_Data to examine_

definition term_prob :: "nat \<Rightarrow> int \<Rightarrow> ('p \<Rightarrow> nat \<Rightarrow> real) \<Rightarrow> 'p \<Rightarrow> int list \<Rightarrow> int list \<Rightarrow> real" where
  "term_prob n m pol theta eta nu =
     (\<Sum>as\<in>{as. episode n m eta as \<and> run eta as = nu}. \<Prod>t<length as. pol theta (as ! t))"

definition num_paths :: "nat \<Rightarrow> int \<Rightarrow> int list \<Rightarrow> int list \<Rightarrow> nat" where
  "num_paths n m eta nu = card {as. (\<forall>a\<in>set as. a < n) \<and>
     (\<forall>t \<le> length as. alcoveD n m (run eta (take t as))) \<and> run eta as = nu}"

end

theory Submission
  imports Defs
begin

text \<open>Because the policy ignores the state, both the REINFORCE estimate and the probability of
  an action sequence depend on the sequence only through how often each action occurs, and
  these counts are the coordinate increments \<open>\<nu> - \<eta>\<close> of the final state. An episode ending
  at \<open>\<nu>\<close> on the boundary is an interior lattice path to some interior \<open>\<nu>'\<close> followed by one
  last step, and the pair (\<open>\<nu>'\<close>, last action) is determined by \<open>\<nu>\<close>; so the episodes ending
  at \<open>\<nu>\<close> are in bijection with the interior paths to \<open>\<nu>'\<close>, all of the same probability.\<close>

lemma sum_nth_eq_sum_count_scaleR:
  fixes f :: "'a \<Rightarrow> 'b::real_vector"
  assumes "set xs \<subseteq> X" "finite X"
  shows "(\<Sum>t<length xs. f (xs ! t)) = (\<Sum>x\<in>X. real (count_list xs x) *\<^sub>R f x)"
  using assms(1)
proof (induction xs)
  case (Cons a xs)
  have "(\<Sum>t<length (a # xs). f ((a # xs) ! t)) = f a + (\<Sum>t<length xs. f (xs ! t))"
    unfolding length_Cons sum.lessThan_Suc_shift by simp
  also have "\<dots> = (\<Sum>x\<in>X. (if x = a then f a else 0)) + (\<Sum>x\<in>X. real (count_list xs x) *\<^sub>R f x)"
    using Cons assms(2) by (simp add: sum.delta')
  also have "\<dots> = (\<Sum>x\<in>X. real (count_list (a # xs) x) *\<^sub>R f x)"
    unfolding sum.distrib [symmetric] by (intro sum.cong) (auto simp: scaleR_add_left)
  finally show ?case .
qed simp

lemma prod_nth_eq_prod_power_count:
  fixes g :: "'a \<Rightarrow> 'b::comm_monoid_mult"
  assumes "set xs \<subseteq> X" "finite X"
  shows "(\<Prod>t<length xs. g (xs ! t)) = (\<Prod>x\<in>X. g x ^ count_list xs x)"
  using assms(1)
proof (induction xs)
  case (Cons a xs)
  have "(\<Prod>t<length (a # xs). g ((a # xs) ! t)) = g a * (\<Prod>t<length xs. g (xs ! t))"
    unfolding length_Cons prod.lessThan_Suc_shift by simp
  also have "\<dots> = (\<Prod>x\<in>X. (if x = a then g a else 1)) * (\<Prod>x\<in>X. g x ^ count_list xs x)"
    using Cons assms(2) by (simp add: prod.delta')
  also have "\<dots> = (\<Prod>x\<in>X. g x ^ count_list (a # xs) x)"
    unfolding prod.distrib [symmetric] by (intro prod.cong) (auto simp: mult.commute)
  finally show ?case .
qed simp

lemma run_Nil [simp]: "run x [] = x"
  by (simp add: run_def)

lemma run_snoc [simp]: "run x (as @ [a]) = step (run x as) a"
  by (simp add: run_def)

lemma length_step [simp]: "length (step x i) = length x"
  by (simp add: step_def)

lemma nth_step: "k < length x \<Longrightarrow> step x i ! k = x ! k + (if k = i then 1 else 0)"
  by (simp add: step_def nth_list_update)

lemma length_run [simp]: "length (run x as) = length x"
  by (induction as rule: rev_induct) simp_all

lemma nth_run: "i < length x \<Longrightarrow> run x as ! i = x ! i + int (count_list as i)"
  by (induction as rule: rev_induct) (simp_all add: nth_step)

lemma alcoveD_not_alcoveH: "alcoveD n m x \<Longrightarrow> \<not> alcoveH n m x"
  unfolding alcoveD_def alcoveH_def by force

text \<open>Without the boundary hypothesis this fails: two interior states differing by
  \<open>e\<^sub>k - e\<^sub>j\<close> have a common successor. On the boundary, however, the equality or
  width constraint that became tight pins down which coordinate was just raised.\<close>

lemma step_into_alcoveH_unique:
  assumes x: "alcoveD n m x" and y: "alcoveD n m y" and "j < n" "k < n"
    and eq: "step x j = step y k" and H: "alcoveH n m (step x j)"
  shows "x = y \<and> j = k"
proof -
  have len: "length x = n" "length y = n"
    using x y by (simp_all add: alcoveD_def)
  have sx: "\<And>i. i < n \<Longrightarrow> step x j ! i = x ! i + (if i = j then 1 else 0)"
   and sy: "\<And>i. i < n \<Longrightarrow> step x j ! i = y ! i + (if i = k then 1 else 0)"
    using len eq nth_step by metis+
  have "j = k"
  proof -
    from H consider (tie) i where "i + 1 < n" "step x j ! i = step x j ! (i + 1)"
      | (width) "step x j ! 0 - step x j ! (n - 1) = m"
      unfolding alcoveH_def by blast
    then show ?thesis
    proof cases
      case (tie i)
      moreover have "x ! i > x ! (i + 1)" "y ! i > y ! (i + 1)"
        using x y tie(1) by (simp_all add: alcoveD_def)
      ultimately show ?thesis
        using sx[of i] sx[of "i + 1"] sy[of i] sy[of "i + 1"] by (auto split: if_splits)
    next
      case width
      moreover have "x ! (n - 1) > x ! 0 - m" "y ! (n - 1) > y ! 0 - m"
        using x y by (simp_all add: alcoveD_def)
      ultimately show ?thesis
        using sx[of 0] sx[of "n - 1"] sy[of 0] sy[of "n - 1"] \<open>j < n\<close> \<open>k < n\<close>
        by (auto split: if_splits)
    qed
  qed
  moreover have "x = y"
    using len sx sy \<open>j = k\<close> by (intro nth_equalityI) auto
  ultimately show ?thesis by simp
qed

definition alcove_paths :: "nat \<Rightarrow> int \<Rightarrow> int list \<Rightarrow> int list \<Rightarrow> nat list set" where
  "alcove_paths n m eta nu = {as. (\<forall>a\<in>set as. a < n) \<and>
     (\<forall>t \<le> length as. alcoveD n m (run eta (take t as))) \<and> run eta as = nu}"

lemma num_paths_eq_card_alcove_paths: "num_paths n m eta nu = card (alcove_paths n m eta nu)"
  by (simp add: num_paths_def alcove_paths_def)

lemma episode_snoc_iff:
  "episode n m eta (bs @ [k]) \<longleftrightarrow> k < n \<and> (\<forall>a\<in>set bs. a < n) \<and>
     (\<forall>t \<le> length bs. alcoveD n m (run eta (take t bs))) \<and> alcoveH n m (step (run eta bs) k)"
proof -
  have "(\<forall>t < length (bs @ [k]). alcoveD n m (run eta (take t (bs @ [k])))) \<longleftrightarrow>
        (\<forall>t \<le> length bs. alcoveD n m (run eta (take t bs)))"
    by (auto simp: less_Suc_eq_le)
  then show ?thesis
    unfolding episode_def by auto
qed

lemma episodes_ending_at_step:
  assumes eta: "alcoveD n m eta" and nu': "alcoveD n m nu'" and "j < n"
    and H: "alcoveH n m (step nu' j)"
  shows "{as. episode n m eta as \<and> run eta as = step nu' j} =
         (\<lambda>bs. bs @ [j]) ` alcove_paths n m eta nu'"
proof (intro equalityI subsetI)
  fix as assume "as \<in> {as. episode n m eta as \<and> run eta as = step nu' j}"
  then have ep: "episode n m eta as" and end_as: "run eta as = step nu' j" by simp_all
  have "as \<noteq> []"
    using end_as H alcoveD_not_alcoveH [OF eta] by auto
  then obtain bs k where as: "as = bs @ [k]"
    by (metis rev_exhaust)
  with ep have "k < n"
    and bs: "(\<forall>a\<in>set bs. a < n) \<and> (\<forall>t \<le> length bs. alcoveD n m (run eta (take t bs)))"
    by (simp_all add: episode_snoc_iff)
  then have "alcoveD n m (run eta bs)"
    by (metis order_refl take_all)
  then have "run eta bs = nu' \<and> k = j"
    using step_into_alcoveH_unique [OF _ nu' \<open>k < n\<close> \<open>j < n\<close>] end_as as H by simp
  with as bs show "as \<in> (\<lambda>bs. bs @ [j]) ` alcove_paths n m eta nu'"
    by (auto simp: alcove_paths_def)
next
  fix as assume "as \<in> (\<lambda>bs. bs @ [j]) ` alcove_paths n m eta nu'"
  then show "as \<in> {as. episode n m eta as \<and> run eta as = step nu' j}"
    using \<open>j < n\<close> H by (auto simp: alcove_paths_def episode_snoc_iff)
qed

_What the exercise asks_
Of all the entries above, retype exactly the lines from the line with "unfolding episode_def by auto" to the line with "using step_into_alcoveH_unique [OF", both included, and no others.

_Your response_
    unfolding episode_def by auto
qed

lemma episodes_ending_at_step:
  assumes eta: "alcoveD n m eta" and nu': "alcoveD n m nu'" and "j < n"
    and H: "alcoveH n m (step nu' j)"
  shows "{as. episode n m eta as \<and> run eta as = step nu' j} =
         (\<lambda>bs. bs @ [j]) ` alcove_paths n m eta nu'"
proof (intro equalityI subsetI)
  fix as assume "as \<in> {as. episode n m eta as \<and> run eta as = step nu' j}"
  then have ep: "episode n m eta as" and end_as: "run eta as = step nu' j" by simp_all
  have "as \<noteq> []"
    using end_as H alcoveD_not_alcoveH [OF eta] by auto
  then obtain bs k where as: "as = bs @ [k]"
    by (metis rev_exhaust)
  with ep have "k < n"
    and bs: "(\<forall>a\<in>set bs. a < n) \<and> (\<forall>t \<le> length bs. alcoveD n m (run eta (take t bs)))"
    by (simp_all add: episode_snoc_iff)
  then have "alcoveD n m (run eta bs)"
    by (metis order_refl take_all)
  then have "run eta bs = nu' \<and> k = j"
    using step_into_alcoveH_unique [OF _ nu' \<open>k < n\<close> \<open>j < n\<close>] end_as as H by simp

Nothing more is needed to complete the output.